House Republicans remain deeply divided over who should lead them ahead of a closed-door meeting Wednesday morning to try to select a speaker nominee.
If they were to unite around a candidate, the vote could come to the House as early as Wednesday afternoon, but that possibility seemed less and less likely.
Several Republicans emerged from a closed-door caucus Tuesday night saying they were no closer to unifying behind a candidate as several factions dug in for their nominees. That set the stage for a potentially noisy and lengthy secret ballot on Wednesday and suggested the House could continue without a speaker for days as the party ironed out its rifts.
Asked about the odds of the House electing a speaker by Wednesday, Representative Thomas Massie, R-Kentucky, said: “I’d put it at 2 percent.”
Lawmakers were scheduled to gather at 10 a.m. on Capitol Hill to begin voting in a closed-door session.
A week after a far-right faction forced Speaker Kevin McCarthy out of office, less than half of House Republicans have publicly announced their support for one of the leading candidates to replace him: Rep. Steve Scalise of Louisiana, the party’s second-ranking leader, and Rep. Jim Jordan of Ohio, Chairman of the Judiciary Committee.

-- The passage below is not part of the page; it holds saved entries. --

lemma parts_ge_add_mset [simp]:
  "parts_ge s (add_mset x K) = parts_ge s K + (if s \<le> x then 1 else 0)"
  unfolding parts_ge_def by simp

lemma parts_gt_union [simp]: "parts_gt s (K + L) = parts_gt s K + parts_gt s L"
  unfolding parts_gt_def by simp

lemma parts_ge_union [simp]: "parts_ge s (K + L) = parts_ge s K + parts_ge s L"
  unfolding parts_ge_def by simp

lemma parts_gt_replicate [simp]: "x \<le> s \<Longrightarrow> parts_gt s (replicate_mset k x) = 0"
  by (induction k) auto

lemma parts_ge_replicate [simp]: "x < s \<Longrightarrow> parts_ge s (replicate_mset k x) = 0"
  by (induction k) auto

lemma parts_gt_remove:
  "x \<in># K \<Longrightarrow> parts_gt s K = parts_gt s (K - {#x#}) + (if s < x then 1 else 0)"
  by (metis parts_gt_add_mset insert_DiffM)

lemma parts_ge_remove:
  "x \<in># K \<Longrightarrow> parts_ge s K = parts_ge s (K - {#x#}) + (if s \<le> x then 1 else 0)"
  by (metis parts_ge_add_mset insert_DiffM)

lemma parts_ge_Suc: "parts_ge (Suc s) K = parts_gt s K"
  by (induction K) auto

lemma parts_ge_eq_parts_gt_plus_count: "parts_ge s K = parts_gt s K + count K s"
  by (induction K) auto

lemma parts_ge_pos_iff: "0 < parts_ge s K \<longleftrightarrow> (\<exists>x\<in>#K. s \<le> x)"
  by (induction K) auto

lemma parts_gt_0: "\<forall>x\<in>#K. 0 < x \<Longrightarrow> parts_gt 0 K = size K"
  by (induction K) auto

lemma parts_ge_1: "\<forall>x\<in>#K. 0 < x \<Longrightarrow> parts_ge 1 K = size K"
  using parts_gt_0[of K] parts_ge_Suc[of 0 K] by simp

lemma parts_gt_1_plus_count_1: "\<forall>x\<in>#K. 0 < x \<Longrightarrow> parts_gt 1 K + count K 1 = size K"
  using parts_ge_eq_parts_gt_plus_count[of 1 K] parts_ge_1[of K] by simp

lemma size_filter_mset_mono:
  "(\<And>x. P x \<Longrightarrow> Q x) \<Longrightarrow> size (filter_mset P K) \<le> size (filter_mset Q K)"
  by (intro size_mset_mono filter_mset_mono_strong) auto

lemma parts_ge_antimono: "s \<le> s' \<Longrightarrow> parts_ge s' K \<le> parts_ge s K"
  unfolding parts_ge_def by (rule size_filter_mset_mono) auto

lemma parts_gt_antimono: "s \<le> s' \<Longrightarrow> parts_gt s' K \<le> parts_gt s K"
  unfolding parts_gt_def by (rule size_filter_mset_mono) auto

lemma parts_ge_le_parts_gt: "s < s' \<Longrightarrow> parts_ge s' K \<le> parts_gt s K"
  unfolding parts_ge_def parts_gt_def by (rule size_filter_mset_mono) auto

There was also one complicating factor: supporters of Mr. McCarthy has been pushed to vote to reinstate him, an idea the California Republican has openly flirted with, even after saying Tuesday he does not intend to run.

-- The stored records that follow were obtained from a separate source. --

(* Consider a HyperLogLog sketch with $m$ registers after inserting $n$ distinct elements (model and convention in the context), and let $B=\log_2\frac{n}{m}$. Then for every $\Delta\in(0,B)$ and every $j\in[m]$: (i) $\Pr[M[j]<B-\Delta]<\exp(-2^\Delta)<2^{-\Delta}$, and (ii) $\Pr[M[j]>B+\Delta]<2^{-\Delta}$.
   Context: HyperLogLog model: each of $n$ distinct elements $y_i$ is assigned a register index $f(y_i)$ uniform in $[m]$ and a value $\rho_i$ with $\Pr[\rho_i=k]=2^{-k}$, $k=1,2,\dots$ (the position of the first one-bit of a uniformly random hash value), all independent; register $M[j]$ is the maximum of $\rho_i$ over elements with $f(y_i)=j$ (0 if none). Then $\Pr[M[j]\le k]=(1-\frac{1}{m2^k})^n$ for integers $k\ge0$. Convention for this statement: each register $M[j]$ is treated as a real-valued continuous random variable with distribution function $\Pr[M[j]\le t]=\Pr[M[j]<t]=(1-\frac{1}{m2^t})^n$ for real $t$, and $\Pr[M[j]>t]=1-(1-\frac{1}{m2^t})^n$. *)

theory Defs
  imports "HOL-Probability.Probability"
begin

text \<open>Distribution function of a HyperLogLog register (continuous convention):
  Pr[M[j] \<le> t] = Pr[M[j] < t] = (1 - 1/(m 2^t))^n.\<close>
definition hll_cdf :: "nat \<Rightarrow> nat \<Rightarrow> real \<Rightarrow> real" where
  "hll_cdf m n t = (1 - 1 / (real m * 2 powr t)) ^ n"

end

theory Submission
  imports Defs
begin

text \<open>Let \<open>B = log 2 (n/m)\<close> and \<open>q = 1 / (m 2 powr t)\<close>, so that \<open>n q = 2 powr (B - t)\<close>.
  The lower tail \<open>(1 - q) ^ n\<close> is below \<open>exp (- n q)\<close>, which is \<open>exp (- 2 powr \<Delta>)\<close> at
  \<open>t = B - \<Delta>\<close>; the upper tail \<open>1 - (1 - q) ^ n\<close> is below the union bound \<open>n q\<close>
  (Bernoulli's inequality), which is \<open>2 powr - \<Delta>\<close> at \<open>t = B + \<Delta>\<close>.\<close>

lemma Bernoulli_inequality_strict:
  fixes x :: real
  assumes "0 < x" "x < 1" "n \<ge> 2"
  shows "1 - real n * x < (1 - x) ^ n"
proof -
  obtain k where k: "n = Suc k" "k \<ge> 1" using assms(3) by (cases n) auto
  have "1 - real n * x < (1 - real k * x) * (1 - x)"
    using k assms by (simp add: algebra_simps)
  also have "\<dots> \<le> (1 - x) ^ k * (1 - x)"
    using Bernoulli_inequality[of "-x" k] assms by (intro mult_right_mono) auto
  also have "\<dots> = (1 - x) ^ n" using k by simp
  finally show ?thesis .
qed

lemma power_one_minus_less_exp:
  fixes x :: real
  assumes "x \<noteq> 0" "x \<le> 1" "n \<ge> 1"
  shows "(1 - x) ^ n < exp (- (real n * x))"
proof -
  have "(1 - x) ^ n < exp (- x) ^ n"
    using exp_minus_greater assms by (intro power_strict_mono) auto
  then show ?thesis by (simp add: exp_of_nat_mult[symmetric])
qed

lemma exp_minus_less_inverse:
  fixes y :: real
  assumes "0 < y"
  shows "exp (- y) < inverse y"
  using exp_gt_self[of y] assms by (simp add: exp_minus inverse_less_iff_less)

lemma hll_cdf_less_exp:
  assumes "1 \<le> real m * 2 powr t" "n \<ge> 1"
  shows "hll_cdf m n t < exp (- (real n / (real m * 2 powr t)))"
proof -
  have "real m \<noteq> 0" using assms(1) by (cases "m = 0") auto
  then show ?thesis
    using power_one_minus_less_exp[of "1 / (real m * 2 powr t)" n] assms by (simp add: hll_cdf_def)
qed

lemma one_minus_hll_cdf_less:
  assumes "1 < real m * 2 powr t" "n \<ge> 2"
  shows "1 - hll_cdf m n t < real n / (real m * 2 powr t)"
  using Bernoulli_inequality_strict[of "1 / (real m * 2 powr t)" n] assms
  by (simp add: hll_cdf_def)

lemma (in prob_space) prob_greater_eq_one_minus_prob_le:
  fixes X :: "'a \<Rightarrow> real"
  assumes "X \<in> borel_measurable M"
  shows "prob {x \<in> space M. t < X x} = 1 - prob {x \<in> space M. X x \<le> t}"
proof -
  have "{x \<in> space M. X x \<le> t} \<in> sets M" using assms by measurable
  moreover have "{x \<in> space M. t < X x} = space M - {x \<in> space M. X x \<le> t}" by auto
  ultimately show ?thesis by (simp add: prob_compl)
qed

lemma two_powr_deviation_bounds:
  assumes "m \<ge> 1" "0 < \<Delta>" "\<Delta> < log 2 (real n / real m)"
  shows "1 < 2 powr \<Delta>" "2 powr \<Delta> \<le> real n" "n \<ge> 2"
    and "real m * 2 powr log 2 (real n / real m) = real n"
proof -
  have "0 < real n / real m"
    using assms by (cases "n = 0") (auto simp: log_def)
  then have "2 powr \<Delta> < real n / real m" using assms(3) by (simp add: less_log_iff)
  show gt1: "1 < 2 powr \<Delta>" using assms(2) by simp
  from \<open>2 powr \<Delta> < real n / real m\<close> have "real m * 2 powr \<Delta> < real n"
    using assms(1) by (simp add: field_simps)
  moreover have "2 powr \<Delta> \<le> real m * 2 powr \<Delta>" using assms(1) by (simp add: mult_le_cancel_right1)
  ultimately show "2 powr \<Delta> \<le> real n" by linarith
  with gt1 have "1 < real n" by linarith
  then show "n \<ge> 2" by simp
  then show "real m * 2 powr log 2 (real n / real m) = real n" using assms(1) by simp
qed

lemma hll_cdf_lower_deviation:
  assumes "m \<ge> 1" "0 < \<Delta>" "\<Delta> < log 2 (real n / real m)"
  shows "hll_cdf m n (log 2 (real n / real m) - \<Delta>) < exp (- (2 powr \<Delta>))"
proof -
  note bounds = two_powr_deviation_bounds[OF assms]
  define t where "t = log 2 (real n / real m) - \<Delta>"
  have scale: "real m * 2 powr t = real n / 2 powr \<Delta>"
    using bounds(4) by (simp add: t_def powr_diff)
  have "1 \<le> real m * 2 powr t" using scale bounds(2) by simp
  moreover have "real n / (real m * 2 powr t) = 2 powr \<Delta>" using scale bounds(3) by simp
  ultimately show ?thesis using hll_cdf_less_exp[of m t n] bounds(3) by (simp add: t_def)
qed

lemma hll_cdf_upper_deviation:
  assumes "m \<ge> 1" "0 < \<Delta>" "\<Delta> < log 2 (real n / real m)"
  shows "1 - hll_cdf m n (log 2 (real n / real m) + \<Delta>) < 2 powr (- \<Delta>)"
proof -
  note bounds = two_powr_deviation_bounds[OF assms]
  define t where "t = log 2 (real n / real m) + \<Delta>"
  have scale: "real m * 2 powr t = real n * 2 powr \<Delta>"
    using bounds(4) by (simp add: t_def powr_add)
  have "1 < real m * 2 powr t"
    unfolding scale using bounds(1,3) by (intro less_1_mult) auto
  moreover have "real n / (real m * 2 powr t) = 2 powr (- \<Delta>)"
    unfolding scale using bounds(3) by (simp add: powr_minus inverse_eq_divide)
  ultimately show ?thesis using one_minus_hll_cdf_less[of m t n] bounds(3) by (simp add: t_def)
qed

theorem lemma3p3:
  fixes P :: "'a measure" and Mreg :: "nat \<Rightarrow> 'a \<Rightarrow> real"
    and m n :: nat and \<Delta> :: real and j :: nat
  assumes "prob_space P"
    and "m \<ge> 1"
    and meas: "\<And>i. i < m \<Longrightarrow> Mreg i \<in> borel_measurable P"
    and cdf_le: "\<And>i t. i < m \<Longrightarrow> t \<ge> 0 \<Longrightarrow>
               measure P {x \<in> space P. Mreg i x \<le> t} = hll_cdf m n t"
    and cdf_lt: "\<And>i t. i < m \<Longrightarrow> t \<ge> 0 \<Longrightarrow>
               measure P {x \<in> space P. Mreg i x < t} = hll_cdf m n t"
    and "0 < \<Delta>" and "\<Delta> < log 2 (real n / real m)"
    and "j < m"
  shows "measure P {x \<in> space P. Mreg j x < log 2 (real n / real m) - \<Delta>} < exp (- (2 powr \<Delta>))
         \<and> exp (- (2 powr \<Delta>)) < 2 powr (- \<Delta>)
         \<and> measure P {x \<in> space P. Mreg j x > log 2 (real n / real m) + \<Delta>} < 2 powr (- \<Delta>)"
proof -
  interpret prob_space P by fact
  define B where "B = log 2 (real n / real m)"
  have "0 \<le> B - \<Delta>" using assms(7) by (simp add: B_def)
  then have lower: "measure P {x \<in> space P. Mreg j x < B - \<Delta>} < exp (- (2 powr \<Delta>))"
    using cdf_lt[OF assms(8)] hll_cdf_lower_deviation[OF assms(2,6,7)] by (simp add: B_def)
  have "0 \<le> B + \<Delta>" using assms(6,7) by (simp add: B_def)
  then have upper: "measure P {x \<in> space P. Mreg j x > B + \<Delta>} < 2 powr (- \<Delta>)"
    using prob_greater_eq_one_minus_prob_le[OF meas[OF assms(8)]] cdf_le[OF assms(8)]
      hll_cdf_upper_deviation[OF assms(2,6,7)] by (simp add: B_def)
  have "exp (- (2 powr \<Delta>)) < 2 powr (- \<Delta>)"
    using exp_minus_less_inverse[of "2 powr \<Delta>"] by (simp add: powr_minus)
  with lower upper show ?thesis by (simp add: B_def)
qed

end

The impasse reflected deep divisions in the GOP that could lengthen the race and lead to a drawn-out battle on the House floor. The Chamber was paralyzed by the overthrow of Mr. McCarthy, and members became increasingly concerned that he could not act in support of Israel after an invasion by the Palestinian group Hamas that left more than 1,000 dead and dozens of hostages taken.
Mr. Scalise and Mr. Jordan made brief comments to reporters as they left the forum Tuesday night. Mr. Scalise pressed for Republicans to quickly unite behind him, while Mr. Jordan and his allies sought a potentially longer contest.
“We are putting together a strong coalition,” said Mr. Scalise after he left the meeting. “Tomorrow we’ll wrap this up and Dom will get back to work.”
Republicans also discussed possible changes to their internal party rules before the vote, including one that would make it harder to oust a sitting speaker, and another that would require a near-unanimous vote among party members before nominating a candidate for speaker.
Both were attempts to avoid a repeat of the embarrassing story of Mr McCarthy’s tenure, in which he suffered 15 votes for speaker in January and then lasted just nine months in the job before being ousted by his own party.
Allies of Mr. McCarthy and Mr. Jordan was pressured to raise the threshold that a candidate for speaker would have to meet to be nominated, which could make it harder for Mr. Scalise to get recognition. Current party rules require a simple majority of party members, 111 votes, to be nominated; Mr. Jordan and his allies want to claim a majority in the House, 218 votes.